◆ Input records

━━━━━━━━

(* Let $\alpha<_c\beta$ with $\beta/\!\!/\alpha$ an nc border strip with $n$ boxes, and let $w\in CRHW_n$ satisfy $w(\alpha)=\beta$. If $j\in E(\beta/\!\!/\alpha)$, then $j\in\mathrm{leg}(w)$.
   Context: A composition is a finite sequence $\alpha=(\alpha_1,\dots,\alpha_k)$ of positive integers; $\ell(\alpha)=k$; its diagram is the set of boxes $(i,j)$, $1\le i\le\ell(\alpha)$, $1\le j\le\alpha_i$, rows top to bottom, columns left to right. For compositions $\gamma=(\gamma_1,\dots,\gamma_l)$, $\delta$ write $\gamma\lessdot_c\delta$ if $\delta=(1,\gamma_1,\dots,\gamma_l)$ or $\delta=(\gamma_1,\dots,\gamma_k+1,\dots,\gamma_l)$ with $\gamma_i\ne\gamma_k$ for all $i<k$; $<_c$ is the transitive closure. For $\gamma<_c\delta$, $\delta/\!\!/\gamma$ consists of the boxes of $\delta$ other than $(\ell(\delta)-\ell(\gamma)+i,j)$, $1\le i\le\ell(\gamma)$, $1\le j\le\gamma_i$. $\mathrm{supp}(\beta/\!\!/\alpha)$ is the set of columns containing a box of $\beta/\!\!/\alpha$; interval shape: supp is a set of consecutive integers. nc border strip: an interval shape such that (1) if $(i,1),(i,2)\in\beta/\!\!/\alpha$ then $(i,1)$ is the bottommost box of column 1 of $\beta/\!\!/\alpha$, and (2) if $(i,j),(i,j+1)\in\beta/\!\!/\alpha$ with $j\ge2$ then $(i,j)$ is the topmost box of column $j$ of $\beta/\!\!/\alpha$. $E(\beta/\!\!/\alpha)$ is the set of $j$ such that $(i,j),(i,j+1)\in\beta/\!\!/\alpha$ for some $i$. Box-adding operators: $\mathfrak t_1(\alpha)=(1,\alpha_1,\dots,\alpha_k)$; for $i\ge2$, $\mathfrak t_i(\alpha)$ increases the leftmost part equal to $i-1$ by $1$, and is $0$ if none; $\mathfrak t_i(0)=0$. A word $w=\mathfrak t_{i_1}\cdots\mathfrak t_{i_n}$ acts by $w(\alpha)=\mathfrak t_{i_1}(\cdots\mathfrak t_{i_n}(\alpha))$; it is a reverse $k$-hookword if $i_1\le\cdots\le i_{k+1}>i_{k+2}>\cdots>i_n$, with $\mathrm{leg}(w)=\{i_{k+1},\dots,i_n\}$; connected if $\{i_1,\dots,i_n\}$ is a set of consecutive integers; $CRHW_n$ is the set of connected reverse hookwords of length $n$. *)

theory Defs
  imports Main
begin

text \<open>Compositions are lists of positive naturals. Boxes are pairs (row, column), 1-indexed,
rows top to bottom.\<close>

definition is_comp :: "nat list \<Rightarrow> bool" where
  "is_comp a \<longleftrightarrow> (\<forall>x\<in>set a. 0 < x)"

definition diagram :: "nat list \<Rightarrow> (nat \<times> nat) set" where
  "diagram a = {(i, j). 1 \<le> i \<and> i \<le> length a \<and> 1 \<le> j \<and> j \<le> a ! (i - 1)}"

definition ccover :: "nat list \<Rightarrow> nat list \<Rightarrow> bool" where
  "ccover g d \<longleftrightarrow> d = 1 # g \<or>
     (\<exists>k < length g. d = g[k := g ! k + 1] \<and> (\<forall>i < k. g ! i \<noteq> g ! k))"

definition clt :: "nat list \<Rightarrow> nat list \<Rightarrow> bool" where
  "clt = tranclp ccover"

text \<open>The skew shape delta // gamma: boxes of delta other than the bottom-justified copy of gamma.\<close>
definition skew :: "nat list \<Rightarrow> nat list \<Rightarrow> (nat \<times> nat) set" where
  "skew d g = diagram d -
     {(length d - length g + i, j) | i j. 1 \<le> i \<and> i \<le> length g \<and> 1 \<le> j \<and> j \<le> g ! (i - 1)}"

definition supp :: "(nat \<times> nat) set \<Rightarrow> nat set" where
  "supp S = snd ` S"

definition interval_shape :: "(nat \<times> nat) set \<Rightarrow> bool" where
  "interval_shape S \<longleftrightarrow> (\<forall>a b c. a \<in> supp S \<and> c \<in> supp S \<and> a \<le> b \<and> b \<le> c \<longrightarrow> b \<in> supp S)"

definition bottommost_in_col :: "(nat \<times> nat) set \<Rightarrow> nat \<Rightarrow> nat \<Rightarrow> bool" where
  "bottommost_in_col S i j \<longleftrightarrow> (i, j) \<in> S \<and> (\<forall>i'. (i', j) \<in> S \<longrightarrow> i' \<le> i)"

definition topmost_in_col :: "(nat \<times> nat) set \<Rightarrow> nat \<Rightarrow> nat \<Rightarrow> bool" where
  "topmost_in_col S i j \<longleftrightarrow> (i, j) \<in> S \<and> (\<forall>i'. (i', j) \<in> S \<longrightarrow> i \<le> i')"

definition nc_border_strip :: "(nat \<times> nat) set \<Rightarrow> bool" where
  "nc_border_strip S \<longleftrightarrow> interval_shape S \<and>
     (\<forall>i. (i, 1) \<in> S \<and> (i, 2) \<in> S \<longrightarrow> bottommost_in_col S i 1) \<and>
     (\<forall>i j. 2 \<le> j \<and> (i, j) \<in> S \<and> (i, j + 1) \<in> S \<longrightarrow> topmost_in_col S i j)"

definition Eset :: "(nat \<times> nat) set \<Rightarrow> nat set" where
  "Eset S = {j. \<exists>i. (i, j) \<in> S \<and> (i, j + 1) \<in> S}"

text \<open>Box-adding operators; None plays the role of 0.\<close>
fun top_op :: "nat \<Rightarrow> nat list option \<Rightarrow> nat list option" where
  "top_op i None = None"
| "top_op i (Some a) =
     (if i = 0 then None
      else if i = 1 then Some (1 # a)
      else if i - 1 \<in> set a
           then Some (a[(LEAST k. k < length a \<and> a ! k = i - 1) := i])
           else None)"

definition word_act :: "nat list \<Rightarrow> nat list \<Rightarrow> nat list option" where
  "word_act w a = foldr top_op w (Some a)"

text \<open>Reverse k-hookword (0-indexed list, so i_{m+1} = w ! m).\<close>
definition rev_khook :: "nat \<Rightarrow> nat list \<Rightarrow> bool" where
  "rev_khook k w \<longleftrightarrow> (\<forall>x\<in>set w. 1 \<le> x) \<and> k < length w \<and> sorted (take (Suc k) w) \<and>
     (\<forall>m. k \<le> m \<and> Suc m < length w \<longrightarrow> w ! Suc m < w ! m)"

definition leg :: "nat \<Rightarrow> nat list \<Rightarrow> nat set" where
  "leg k w = set (drop k w)"

definition connected_word :: "nat list \<Rightarrow> bool" where
  "connected_word w \<longleftrightarrow> (\<forall>a b c. a \<in> set w \<and> c \<in> set w \<and> a \<le> b \<and> b \<le> c \<longrightarrow> b \<in> set w)"

definition CRHW :: "nat \<Rightarrow> nat list set" where
  "CRHW n = {w. length w = n \<and> connected_word w \<and> (\<exists>k. rev_khook k w)}"

end

theory Submission
  imports Defs
begin

(* Index the rows of a composition from the bottom, so that the
   bottom-justified copy of alpha inside beta occupies the same bottom-indexed
   rows in both.  A box-adding operator t_x raises one row from length x-1 to
   length x.  Hence, if w(alpha) = beta, then along every row p
     (1) alpha's row is no longer than beta's row,
     (2) each value v with row_alpha(p) < v <= row_beta(p) occurs as a letter of w,
     (3) if moreover v < row_beta(p), a letter v+1 occurs to the LEFT of some
         letter v (box v of the row is added before box v+1).
   If j is in E(beta//alpha), the boxes j and j+1 of some row lie in the skew
   shape, so row_alpha(p) < j < row_beta(p) and (3) gives a letter j+1 left of a
   letter j.  In a reverse hookword the prefix before the leg is weakly
   increasing, so a letter j with a larger letter to its left lies in the leg.
   The argument needs only that alpha is a composition, w(alpha) = beta, w is a
   reverse hookword and j is in E(beta//alpha). *)

definition brow :: "nat list \<Rightarrow> nat \<Rightarrow> nat" where
  "brow xs p = (if p < length xs then rev xs ! p else 0)"

lemma top_op_adds_box:
  assumes "top_op x (Some g) = Some b"
  obtains p where "1 \<le> x" "brow g p = x - 1" "brow b = (brow g)(p := x)"
proof (cases "x = 1")
  case True
  then have b: "b = 1 # g" using assms by simp
  have "brow b q = ((brow g)(length g := 1)) q" for q
    using b by (auto simp: brow_def nth_append)
  then have "brow b = (brow g)(length g := 1)" ..
  moreover have "brow g (length g) = x - 1" using True by (simp add: brow_def)
  ultimately show ?thesis using True that by simp
next
  case False
  have x0: "x \<noteq> 0" using assms by (auto split: if_splits)
  have mem: "x - 1 \<in> set g" using assms False x0 by (auto split: if_splits)
  define k where "k = (LEAST k. k < length g \<and> g ! k = x - 1)"
  have b: "b = g[k := x]" using assms False x0 mem by (simp add: k_def)
  have "\<exists>k. k < length g \<and> g ! k = x - 1" using mem by (auto simp: in_set_conv_nth)
  then have "k < length g \<and> g ! k = x - 1" unfolding k_def by (rule LeastI_ex)
  then have k: "k < length g" "g ! k = x - 1" by auto
  define p where "p = length g - k - 1"
  have "brow b q = ((brow g)(p := x)) q" for q
    using b k by (auto simp: brow_def rev_update p_def nth_list_update)
  then have "brow b = (brow g)(p := x)" ..
  moreover have "brow g p = x - 1" using k by (auto simp: brow_def p_def rev_nth)
  ultimately show ?thesis using x0 that by auto
qed

lemma word_act_Cons:
  assumes "word_act (x # w) a = Some b"
  obtains g where "word_act w a = Some g" "top_op x (Some g) = Some b"
  using assms by (cases "word_act w a") (auto simp: word_act_def)

lemma word_act_rows_grow:
  "word_act w a = Some b \<Longrightarrow> brow a p \<le> brow b p"
proof (induction w arbitrary: b)
  case Nil
  then show ?case by (simp add: word_act_def)
next
  case (Cons x w)
  obtain g where g: "word_act w a = Some g" and gb: "top_op x (Some g) = Some b"
    using word_act_Cons[OF Cons.prems] .
  obtain p0 where "1 \<le> x" "brow g p0 = x - 1" "brow b = (brow g)(p0 := x)"
    using top_op_adds_box[OF gb] .
  then have "brow g p \<le> brow b p" by auto
  then show ?case using Cons.IH[OF g] by simp
qed

lemma word_act_letter_added:
  "\<lbrakk>word_act w a = Some b; brow a p < v; v \<le> brow b p\<rbrakk> \<Longrightarrow> v \<in> set w"
proof (induction w arbitrary: b)
  case Nil
  then show ?case by (simp add: word_act_def)
next
  case (Cons x w)
  obtain g where g: "word_act w a = Some g" and gb: "top_op x (Some g) = Some b"
    using word_act_Cons[OF Cons.prems(1)] .
  obtain p0 where p0: "brow g p0 = x - 1" and b: "brow b = (brow g)(p0 := x)"
    using top_op_adds_box[OF gb] .
  show ?case
  proof (cases "p = p0 \<and> v = x")
    case False
    then have "v \<le> brow g p" using Cons.prems(3) b p0 by (auto split: if_splits)
    then show ?thesis using Cons.IH[OF g Cons.prems(2)] by simp
  qed simp
qed

text \<open>Within a row, box v is added before box v + 1: some letter v + 1 stands to the
  left of some letter v in the word.\<close>

lemma word_act_letter_order:
  "\<lbrakk>word_act w a = Some b; brow a p < v; v < brow b p\<rbrakk> \<Longrightarrow>
     \<exists>i l. l < i \<and> i < length w \<and> w ! i = v \<and> w ! l = Suc v"
proof (induction w arbitrary: b)
  case Nil
  then show ?case by (simp add: word_act_def)
next
  case (Cons x w)
  obtain g where g: "word_act w a = Some g" and gb: "top_op x (Some g) = Some b"
    using word_act_Cons[OF Cons.prems(1)] .
  obtain p0 where p0: "brow g p0 = x - 1" and b: "brow b = (brow g)(p0 := x)"
    using top_op_adds_box[OF gb] .
  show ?case
  proof (cases "p = p0 \<and> Suc v = x")
    case True
    then have "v \<le> brow g p" using p0 by auto
    then have "v \<in> set w" using word_act_letter_added[OF g Cons.prems(2)] by simp
    then obtain i where "i < length w" "w ! i = v" by (auto simp: in_set_conv_nth)
    then show ?thesis using True by (intro exI[of _ "Suc i"] exI[of _ 0]) auto
  next
    case False
    then have "v < brow g p" using Cons.prems(3) b p0 by (auto split: if_splits)
    then obtain i l where "l < i" "i < length w" "w ! i = v" "w ! l = Suc v"
      using Cons.IH[OF g Cons.prems(2)] by blast
    then show ?thesis by (intro exI[of _ "Suc i"] exI[of _ "Suc l"]) auto
  qed
qed

text \<open>If w(alpha) = beta, then beta has at least as many rows as alpha, since every
  row of a composition is nonempty and rows never shrink.\<close>

lemma word_act_length_mono:
  assumes "is_comp \<alpha>" and "word_act w \<alpha> = Some \<beta>"
  shows "length \<alpha> \<le> length \<beta>"
proof (rule ccontr)
  assume "\<not> length \<alpha> \<le> length \<beta>"
  then have "0 < brow \<alpha> (length \<beta>)"
    using assms(1) by (auto simp: brow_def is_comp_def rev_nth)
  moreover have "brow \<beta> (length \<beta>) = 0" by (simp add: brow_def)
  ultimately show False using word_act_rows_grow[OF assms(2)] by (metis not_le)
qed

lemma skew_box_row_bounds:
  assumes box: "(i, j) \<in> skew \<beta> \<alpha>" and len: "length \<alpha> \<le> length \<beta>"
  shows "brow \<alpha> (length \<beta> - i) < j" and "j \<le> brow \<beta> (length \<beta> - i)"
proof -
  define p where "p = length \<beta> - i"
  have i: "1 \<le> i" "i \<le> length \<beta>" and j: "1 \<le> j" "j \<le> \<beta> ! (i - 1)"
    using box by (auto simp: skew_def diagram_def)
  show "j \<le> brow \<beta> (length \<beta> - i)" using i j by (auto simp: brow_def rev_nth)
  show "brow \<alpha> (length \<beta> - i) < j"
  proof (cases "p < length \<alpha>")
    case False
    then show ?thesis using j by (simp add: brow_def p_def)
  next
    case True
    define i' where "i' = length \<alpha> - p"
    have i': "i = length \<beta> - length \<alpha> + i'" "1 \<le> i'" "i' \<le> length \<alpha>"
      using True i len by (auto simp: i'_def p_def)
    have row: "brow \<alpha> p = \<alpha> ! (i' - 1)"
      using True by (auto simp: brow_def rev_nth i'_def)
    have "\<not> j \<le> \<alpha> ! (i' - 1)"
    proof
      assume "j \<le> \<alpha> ! (i' - 1)"
      then have "(i, j) \<in> {(length \<beta> - length \<alpha> + i, j) | i j.
                    1 \<le> i \<and> i \<le> length \<alpha> \<and> 1 \<le> j \<and> j \<le> \<alpha> ! (i - 1)}"
        using i' j by blast
      then show False using box by (simp add: skew_def)
    qed
    then show ?thesis using row by (simp add: p_def)
  qed
qed

text \<open>In a reverse k-hookword the first k + 1 letters weakly increase, so a letter
  having a strictly larger letter to its left must belong to the leg.\<close>

lemma rev_khook_descent_in_leg:
  assumes "rev_khook k w" and "l < i" "i < length w" "w ! i < w ! l"
  shows "w ! i \<in> leg k w"
proof (cases "k \<le> i")
  case True
  then show ?thesis using assms(3) by (auto simp: leg_def in_set_conv_nth intro!: exI[of _ "i - k"])
next
  case False
  have "sorted (take (Suc k) w)" using assms(1) by (simp add: rev_khook_def)
  then have "take (Suc k) w ! l \<le> take (Suc k) w ! i"
    by (rule sorted_nth_mono) (use assms False in auto)
  then show ?thesis using assms False by simp
qed

theorem mainTheorem12:
  fixes \<alpha> \<beta> w :: "nat list" and n j :: nat
  assumes "is_comp \<alpha>" and "is_comp \<beta>"
    and "clt \<alpha> \<beta>"
    and "nc_border_strip (skew \<beta> \<alpha>)"
    and "card (skew \<beta> \<alpha>) = n"
    and "w \<in> CRHW n"
    and "word_act w \<alpha> = Some \<beta>"
    and "j \<in> Eset (skew \<beta> \<alpha>)"
  shows "\<forall>k. rev_khook k w \<longrightarrow> j \<in> leg k w"
proof (intro allI impI)
  fix k assume hook: "rev_khook k w"
  obtain i where "(i, j) \<in> skew \<beta> \<alpha>" and "(i, Suc j) \<in> skew \<beta> \<alpha>"
    using assms(8) by (auto simp: Eset_def)
  moreover have "length \<alpha> \<le> length \<beta>" using word_act_length_mono assms(1,7) .
  ultimately have "brow \<alpha> (length \<beta> - i) < j" and "j < brow \<beta> (length \<beta> - i)"
    using skew_box_row_bounds by (fastforce, fastforce)
  then obtain a l where "l < a" "a < length w" "w ! a = j" "w ! l = Suc j"
    using word_act_letter_order[OF assms(7)] by blast
  then show "j \<in> leg k w" using rev_khook_descent_in_leg[OF hook] by fastforce
qed

end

━━━━━━━━

◆ Exercise prompt
Count each line above with "ultimately"; write only the number.

◆ Task answer
4